Tuesday, February 14, 2017

Making Kickass Travel Videos

Most of us aren't professional photographers or video-ographers or scrapbook-ographers. I'm barely a decent-cellphone-photo-for-facebook-ographer, but the desire to capture some of the wonder and majesty of our adventures pushes most travelers to try to figure it out. After all, we're going to be old and flabby and slow some day, and we need to be able to show our grand kids how cool we are. (And I know that the word "cool" was over a while ago. And I don't care, I'm still using it. And I'll probably still use it when I'm a grandma. "Hey kid, get over here. Grandma knitted you this super cool iphone cover.")

Anyway.

I'm self taught at pretty much everything I know how to do, and I spent a month in 2016 deep in video editing world. So here's a very short and to-the-point tutorial on how to burn your travels into internet history. This tutorial is for you if you aren't super tech savvy, you'd rather just dive in than do a lot of preliminary research, and you don't want to spend more than 20 minutes getting this act on the stage, or this show on the road, or this video-making started. Here's the video of I made to a weekend road trip through Michigan in early fall.

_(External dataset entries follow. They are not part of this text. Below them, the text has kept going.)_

lemma sin_cos_integral_equation_unique:
  fixes a b B1 B2 :: "real \<Rightarrow> real"
  assumes a: "continuous_on UNIV a" and b: "continuous_on UNIV b"
    and B1: "\<And>t. has_oint (\<lambda>s. a s + b s * sin (B1 s) * cos (B1 s)) (B1 t) 0 t"
    and B2: "\<And>t. has_oint (\<lambda>s. a s + b s * sin (B2 s) * cos (B2 s)) (B2 t) 0 t"
  shows "B1 = B2"
proof
  fix t
  obtain L where L: "\<And>s. s \<in> {-\<bar>t\<bar>..\<bar>t\<bar>} \<Longrightarrow> norm (b s) \<le> L"
    using continuous_on_compact_bound[OF compact_Icc continuous_on_subset[OF b subset_UNIV]] by blast
  let ?sc = "\<lambda>s. sin (B1 s) * cos (B1 s) - sin (B2 s) * cos (B2 s)"
  have "B1 t - B2 t = 0"
  proof (rule gronwall_zero[where w="\<lambda>s. B1 s - B2 s" and w'="\<lambda>s. b s * ?sc s"])
    show "((\<lambda>s. B1 s - B2 s) has_real_derivative b s * ?sc s) (at s)" for s
      using DERIV_diff[OF sin_cos_integral_equation_has_real_derivative[OF a b B1]
          sin_cos_integral_equation_has_real_derivative[OF a b B2]]
      by (simp add: algebra_simps)
    show "B1 0 - B2 0 = 0"
      using has_oint_imp_oint_eq[OF B1, of 0] has_oint_imp_oint_eq[OF B2, of 0] by (simp add: oint_def)
    show "\<bar>b s * ?sc s\<bar> \<le> L * \<bar>B1 s - B2 s\<bar>" if "\<bar>s\<bar> \<le> \<bar>t\<bar>" for s
    proof -
      have "\<bar>b s\<bar> \<le> L" using L[of s] that by (simp add: abs_le_iff)
      then show ?thesis
        unfolding abs_mult using abs_sin_cos_diff_le[of "B1 s" "B2 s"] by (intro mult_mono) auto
    qed
  qed
  then show "B1 t = B2 t" by simp
qed

lemma Qfun_pos:
  assumes "c \<noteq> 0" "m \<noteq> 0"
  shows "0 < Qfun c m q E t \<xi>"
  unfolding Qfun_def using assms by (intro real_sqrt_gt_zero add_nonneg_pos) auto

lemma bfun_component_has_real_derivative:
  fixes E :: "real \<Rightarrow> real ^ 'n"
  assumes "continuous_on UNIV E"
  shows "((\<lambda>t. bfun q E t $ j) has_real_derivative q * E t $ j) (at t)"
proof -
  have "(bfun q E has_vector_derivative q *\<^sub>R E t) (at t)"
    unfolding bfun_def by (rule oint_has_vector_derivative) (intro continuous_intros assms)
  from bounded_linear.has_vector_derivative[OF bounded_linear_vec_nth this, of j]
  show ?thesis by (simp add: has_real_derivative_iff_has_vector_derivative)
qed

lemma power2_norm_vec_eq_sum: "(norm (x :: real ^ 'n))\<^sup>2 = (\<Sum>j\<in>UNIV. (x $ j)\<^sup>2)"
  unfolding power2_norm_eq_inner inner_vec_def by (simp add: power2_eq_square)

lemma Qfun_Qdt_C1:
  fixes E :: "real \<Rightarrow> real ^ 'n"
  assumes E: "\<And>j. (\<lambda>t. E t $ j) C1_differentiable_on UNIV" and "c \<noteq> 0" "m \<noteq> 0"
  shows "(\<lambda>t. Qfun c m q E t \<xi>) C1_differentiable_on UNIV"
    and "(\<lambda>t. Qdt c m q E t \<xi>) C1_differentiable_on UNIV"
proof -
  have "continuous_on UNIV (\<lambda>t. \<chi> j. E t $ j)"
    by (intro continuous_on_vec_lambda C1_differentiable_imp_continuous_on E)
  define v where "v j t = \<xi> $ j + bfun q E t $ j" for j t
  have v': "(v j has_real_derivative q * E t $ j) (at t)" for j t
    unfolding v_def using \<open>continuous_on UNIV (\<lambda>t. \<chi> j. E t $ j)\<close>
    by (auto intro!: derivative_eq_intros bfun_component_has_real_derivative)
  have v: "v j C1_differentiable_on UNIV" for j
    unfolding C1_differentiable_on_UNIV_iff_real
    by (intro exI[of _ "\<lambda>t. q * E t $ j"] conjI allI v' continuous_intros
        C1_differentiable_imp_continuous_on[OF E])
  define R where "R t = c\<^sup>2 * (\<Sum>j\<in>UNIV. (v j t)\<^sup>2) + (m * c\<^sup>2)\<^sup>2" for t
  define R' where "R' t = c\<^sup>2 * (\<Sum>j\<in>UNIV. 2 * v j t * (q * E t $ j))" for t
  have Q_eq: "Qfun c m q E t \<xi> = sqrt (R t)" for t
    unfolding Qfun_def R_def v_def by (simp add: power2_norm_vec_eq_sum)
  have R_pos: "0 < R t" for t
    using Qfun_pos[OF assms(2,3), of q E t \<xi>] by (simp add: Q_eq)
  have "(R has_real_derivative R' t) (at t)" for t
    unfolding R_def R'_def
    by (auto intro!: derivative_eq_intros v' sum.cong simp: power2_eq_square mult_ac)
  then have "((\<lambda>t. Qfun c m q E t \<xi>) has_real_derivative inverse (sqrt (R t)) / 2 * R' t) (at t)" for t
    unfolding Q_eq by (rule DERIV_chain2[of sqrt _ R, OF DERIV_real_sqrt[OF R_pos]])
  then have Qdt_eq: "Qdt c m q E t \<xi> = inverse (sqrt (R t)) / 2 * R' t" for t
    unfolding Qdt_def by (rule DERIV_imp_deriv)
  have R: "R C1_differentiable_on UNIV"
    unfolding R_def power2_eq_square
    by (intro C1_differentiable_on_add C1_differentiable_on_mult C1_differentiable_on_const
        C1_differentiable_on_sum finite v)
  show "(\<lambda>t. Qfun c m q E t \<xi>) C1_differentiable_on UNIV"
    unfolding Q_eq by (rule C1_differentiable_on_sqrt[OF R R_pos])
  have "R' C1_differentiable_on UNIV"
    unfolding R'_def by (intro C1_differentiable_on_mult C1_differentiable_on_const
        C1_differentiable_on_sum finite v E)
  then show "(\<lambda>t. Qdt c m q E t \<xi>) C1_differentiable_on UNIV"
    unfolding Qdt_eq divide_real_def using R_pos R_pos[THEN dual_order.strict_implies_not_eq]
    by (intro C1_differentiable_on_mult C1_differentiable_on_const C1_differentiable_on_inverse
        C1_differentiable_on_sqrt R) auto
qed

lemma Qdt_over_Qfun_C1:
  fixes E :: "real \<Rightarrow> real ^ 'n"
  assumes "\<And>j. (\<lambda>t. E t $ j) C1_differentiable_on UNIV" and "c \<noteq> 0" "m \<noteq> 0"
  shows "(\<lambda>t. inverse (Qfun c m q E t \<xi>) * Qdt c m q E t \<xi>) C1_differentiable_on UNIV"
proof -
  have "Qfun c m q E t \<xi> \<noteq> 0" for t
    using Qfun_pos[OF assms(2,3)] by (metis less_irrefl)
  then show ?thesis
    by (intro C1_differentiable_on_mult C1_differentiable_on_inverse Qfun_Qdt_C1[OF assms])
qed

lemma solves_B_C2:
  fixes E :: "real \<Rightarrow> real ^ 'n"
  assumes "\<And>j. (\<lambda>t. E t $ j) C1_differentiable_on UNIV" and "c \<noteq> 0" "m \<noteq> 0"
    and "solves_B c m q E \<xi> B"
  shows "C2_real B" and "C2_real (Afun c m q E \<xi> B)"
proof -
  let ?P = "\<lambda>t. inverse (Qfun c m q E t \<xi>) * Qdt c m q E t \<xi>"
  note Q = Qfun_Qdt_C1(1)[OF assms(1-3)] and P = Qdt_over_Qfun_C1[OF assms(1-3)]
  have B: "\<And>t. has_oint (\<lambda>s. Qfun c m q E s \<xi> + - ?P s * sin (B s) * cos (B s)) (B t) 0 t"
    using assms(4) by (simp add: solves_B_def)
  show "C2_real B"
    using sin_cos_integral_equation_C2[OF Q _ B] P by simp
  have "B C1_differentiable_on UNIV"
    using Q P by (intro sin_cos_integral_equation_C1[OF _ _ B] continuous_intros
        C1_differentiable_imp_continuous_on)
  moreover have "Afun c m q E \<xi> B = (\<lambda>t. 1 * exp (- oint 0 t (\<lambda>s. ?P s * (sin (B s) * sin (B s)))))"
    by (simp add: fun_eq_iff Afun_def power2_eq_square)
  ultimately show "C2_real (Afun c m q E \<xi> B)"
    by (simp only:) (intro C2_real_exp_neg_oint P C1_differentiable_on_mult C1_differentiable_on_sin)
qed

lemma solves_D_C2:
  fixes E :: "real \<Rightarrow> real ^ 'n"
  assumes "\<And>j. (\<lambda>t. E t $ j) C1_differentiable_on UNIV" and "c \<noteq> 0" "m \<noteq> 0"
    and "solves_D c m q E \<xi> D"
  shows "C2_real D" and "C2_real (Cfun c m q E \<xi> D)"
proof -
  let ?P = "\<lambda>t. inverse (Qfun c m q E t \<xi>) * Qdt c m q E t \<xi>"
  note Q = Qfun_Qdt_C1(1)[OF assms(1-3)] and P = Qdt_over_Qfun_C1[OF assms(1-3)]
  have D: "\<And>t. has_oint (\<lambda>s. Qfun c m q E s \<xi> + ?P s * sin (D s) * cos (D s)) (D t) 0 t"
    using assms(4) by (simp add: solves_D_def)
  show "C2_real D"
    by (rule sin_cos_integral_equation_C2[OF Q P D])
  have "D C1_differentiable_on UNIV"
    using Q P by (intro sin_cos_integral_equation_C1[OF _ _ D] C1_differentiable_imp_continuous_on)
  moreover have "Cfun c m q E \<xi> D =
      (\<lambda>t. inverse (Qfun c m q E 0 \<xi>) * exp (- oint 0 t (\<lambda>s. ?P s * (cos (D s) * cos (D s)))))"
    by (simp add: fun_eq_iff Cfun_def power2_eq_square)
  ultimately show "C2_real (Cfun c m q E \<xi> D)"
    by (simp only:) (intro C2_real_exp_neg_oint P C1_differentiable_on_mult C1_differentiable_on_cos)
qed

lemma solves_B_unique:
  fixes E :: "real \<Rightarrow> real ^ 'n"
  assumes "\<And>j. (\<lambda>t. E t $ j) C1_differentiable_on UNIV" and "c \<noteq> 0" "m \<noteq> 0"
    and "solves_B c m q E \<xi> B1" "solves_B c m q E \<xi> B2"
  shows "B1 = B2"
  using assms(4,5) Qfun_Qdt_C1(1)[OF assms(1-3)] Qdt_over_Qfun_C1[OF assms(1-3)]
  by (intro sin_cos_integral_equation_unique[where b="\<lambda>t. - (inverse (Qfun c m q E t \<xi>) * Qdt c m q E t \<xi>)"])
     (auto simp: solves_B_def intro!: continuous_intros C1_differentiable_imp_continuous_on)

lemma solves_D_unique:
  fixes E :: "real \<Rightarrow> real ^ 'n"
  assumes "\<And>j. (\<lambda>t. E t $ j) C1_differentiable_on UNIV" and "c \<noteq> 0" "m \<noteq> 0"
    and "solves_D c m q E \<xi> D1" "solves_D c m q E \<xi> D2"
  shows "D1 = D2"
  using assms(4,5) Qfun_Qdt_C1(1)[OF assms(1-3)] Qdt_over_Qfun_C1[OF assms(1-3)]
  by (intro sin_cos_integral_equation_unique[where b="\<lambda>t. inverse (Qfun c m q E t \<xi>) * Qdt c m q E t \<xi>"])
     (auto simp: solves_D_def intro!: C1_differentiable_imp_continuous_on)

theorem lemma3p1:
  fixes c m q E00 E01 :: real and E :: "real \<Rightarrow> real ^ 'n"
  assumes "c > 0" and "m > 0" and "q \<noteq> 0"
    and C1: "\<forall>j. (\<lambda>t. E t $ j) C1_differentiable_on UNIV"
    and bdd0: "bdd_above (range (\<lambda>t. \<Sum>j\<in>UNIV. \<bar>E t $ j\<bar>))"
    and sup0: "(SUP t. \<Sum>j\<in>UNIV. \<bar>E t $ j\<bar>) < E00"
    and bdd1: "bdd_above (range (\<lambda>t. \<Sum>j\<in>UNIV. \<bar>deriv (\<lambda>s. E s $ j) t\<bar>))"
    and sup1: "(SUP t. \<Sum>j\<in>UNIV. \<bar>deriv (\<lambda>s. E s $ j) t\<bar>) < E01"
  shows "\<forall>\<xi> :: real ^ 'n.
     (\<forall>B. solves_B c m q E \<xi> B \<longrightarrow> C2_real B \<and> C2_real (Afun c m q E \<xi> B))
   \<and> (\<forall>D. solves_D c m q E \<xi> D \<longrightarrow> C2_real D \<and> C2_real (Cfun c m q E \<xi> D))
   \<and> (\<forall>B1 B2. solves_B c m q E \<xi> B1 \<and> solves_B c m q E \<xi> B2 \<longrightarrow> B1 = B2)
   \<and> (\<forall>D1 D2. solves_D c m q E \<xi> D1 \<and> solves_D c m q E \<xi> D2 \<longrightarrow> D1 = D2)"
proof -
  have "c \<noteq> 0" "m \<noteq> 0" using assms(1,2) by auto
  note hyps = C1[rule_format] this
  show ?thesis
    using solves_B_C2[OF hyps] solves_D_C2[OF hyps] solves_B_unique[OF hyps] solves_D_unique[OF hyps]
    by blast
qed

end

#1. Pick a great song that means something to you and kind of represents the kind of trip you had, and the way you want to remember it. If you can't think of anything, Don't Stop Believing will do just fine. I downloaded my music from Amazon. Be aware that as you create your video you'll probably be previewing it several times so pick a song that you don't hate after hearing twenty times in a row.

#2. Download Wondershare Filmora. I investigated many a different video editors and this is the best for the lowest price. They have a free trial version that you can check out, but your video will have a watermark across it. It is absolutely worth paying for the full version. It's $39 for a year, or $59 for life. My first attempt was with the built in YouTube editing tools and it was bullshit. Don't go there.

#3. Watch a couple of YouTube tutorials on how to use Filmora. It's extremely simple to use and your effect choices are basically endless. You can piece together video clips and photos, add graphics and text, transitions, fade music together, slow or speed up your video, use filters, etc. It's great. Keep it simple for your first video and learn as you go. That's how life works, guys. Here's a great overview that helped me a lot.



#4. Import your song and all of your photos/videos. You can use any copyrighted music on Filmora but be aware that if you try to upload it to YouTube, YouTube will recognize the copyright and might shut you down. I used a popular song and it allowed me to upload the video.

#5. Tweak the hell out of your video. Make the music fade in and out at the right time. Add subtitles to remind you of the random funny things that happened and how you almost peed your pants when you stepped on that snake. Get your boyfriends smile to match up perfectly with the lyrics of the song. You know what I mean. Make this video pull your heart strings and evoke the same emotions you were feeling while you were out traveling.

#6. Upload and share. You can connect to upload to any of your social media and to YouTube. I chose to upload to YouTube and then share the YouTube video on social media. This gives you an idea of how many total views there are on your video.